S’il est sûr que Nicolas Sarkozy ne sera pas battu par François Mitterrand, l’histoire semble néanmoins se répéter une nouvelle fois. En effet, Nicolas Sarkozy a été élu sur le thème de la rupture et du pouvoir d’achat. C’est certainement grâce à cela qu’il a obtenu 54 % des voix. Avec une telle avance, il pouvait donc mener la rupture tant annoncée en six mois. Celle-ci passait notamment par une forte baisse de la pression fiscale pour tous (entreprises et ménages, favorisés ou non) et simultanément par une baisse au moins aussi importante des dépenses publiques, notamment celles de fonctionnement.

Malheureusement, pour des raisons diverses et variées, tel n’a pas été le cas et nous avons perdu ces six mois post-électoraux cruciaux pour pouvoir engager la rupture dont la France a besoin. Une fois cette période passée, le ressort était déjà distendu. Ensuite, la crise financière s’est aggravée, ruinant à peau de chagrin les chances d’engager l’Hexagone sur le chemin des vraies réformes économiques.

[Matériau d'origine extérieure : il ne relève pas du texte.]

lemma bdd_lin_functional_on_compose:
  fixes A :: "'x::real_normed_vector \<Rightarrow> 'y::real_normed_vector"
  assumes g: "bdd_lin_functional_on S norm g" and A: "bounded_linear A" and AS: "\<And>x. A x \<in> S"
  shows "bdd_lin_functional_on UNIV norm (\<lambda>x. g (A x))"
proof -
  obtain C where C: "\<forall>u\<in>S. \<bar>g u\<bar> \<le> C * norm u"
    using g unfolding bdd_lin_functional_on_def by blast
  obtain K where K: "\<And>x. norm (A x) \<le> norm x * K"
    using bounded_linear.bounded[OF A] by blast
  have "\<bar>g (A x)\<bar> \<le> (\<bar>C\<bar> * K) * norm x" for x
  proof -
    have "\<bar>g (A x)\<bar> \<le> \<bar>C\<bar> * norm (A x)"
      using C AS[of x] mult_right_mono[OF abs_ge_self[of C] norm_ge_zero[of "A x"]] by force
    also have "\<dots> \<le> \<bar>C\<bar> * (norm x * K)"
      using K by (simp add: mult_left_mono)
    finally show ?thesis by (simp add: algebra_simps)
  qed
  with g AS show ?thesis
    unfolding bdd_lin_functional_on_def
    by (auto simp: linear_add[OF bounded_linear.linear[OF A]] linear_scale[OF bounded_linear.linear[OF A]])
qed

lemma bdd_lin_functional_on_inner_left: "bdd_lin_functional_on S norm (\<lambda>y. inner y d)"
  unfolding bdd_lin_functional_on_def
  by (auto simp: inner_add_left Cauchy_Schwarz_ineq2 mult.commute[of "norm d"] intro!: exI[of _ "norm d"])

lemma weak_conv_on_bounded_linear_image:
  assumes "weak_conv_on UNIV norm xs x" "bounded_linear A" "\<And>x. A x \<in> S"
  shows "weak_conv_on S norm (\<lambda>n. A (xs n)) (A x)"
  using assms bdd_lin_functional_on_compose unfolding weak_conv_on_def by blast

Aujourd’hui, la France s’installe dans la récession et ce au moins jusqu’à l’été prochain. Dès lors, la rupture est en train de devenir un vieux rêve. D’ailleurs, l’idée de laisser déraper le déficit public est de plus en plus avancée. Si tel est le cas, cela accroîtra la colère des Allemands à notre égard, réduira la crédibilité économico-politique de la France et cristallisera une crise politique européenne qui est déjà présente depuis 2003, c’est-à-dire depuis l’engagement de l’Allemagne sur la voie des réformes massives, tandis que la France n’a cessé de les refuser.

Les conséquences de ces manquements ne se sont pas fait attendre : depuis 2002, la France est la lanterne rouge de la croissance de la zone euro (avec l’Italie et le Portugal). Quant à 2008 et 2009, la croissance hexagonale peinera à dépasser les 1 %, tandis que son déficit budgétaire dépassera allégrement les 3 % du PIB.

Face à ces constats déplorables, seuls des sentiments de déception et de gâchis peuvent émerger et ce, au sein même des partisans de l’actuelle majorité, sachant qu’il faut reconnaître que l’opposition n’aurait certainement pas fait mieux. Dans ce cadre, plutôt que de se focaliser sur les méchants « voyous » de la finance et sur les difficultés américaines, les dirigeants français devraient plutôt penser à dire la vérité aux Français et à leur expliquer comment ils comptent sortir de la crise, si possible en conservant une certaine cohésion européenne. Sinon, ce n’est pas seulement la santé économique de la France qui est en question mais aussi la stabilité de la zone euro.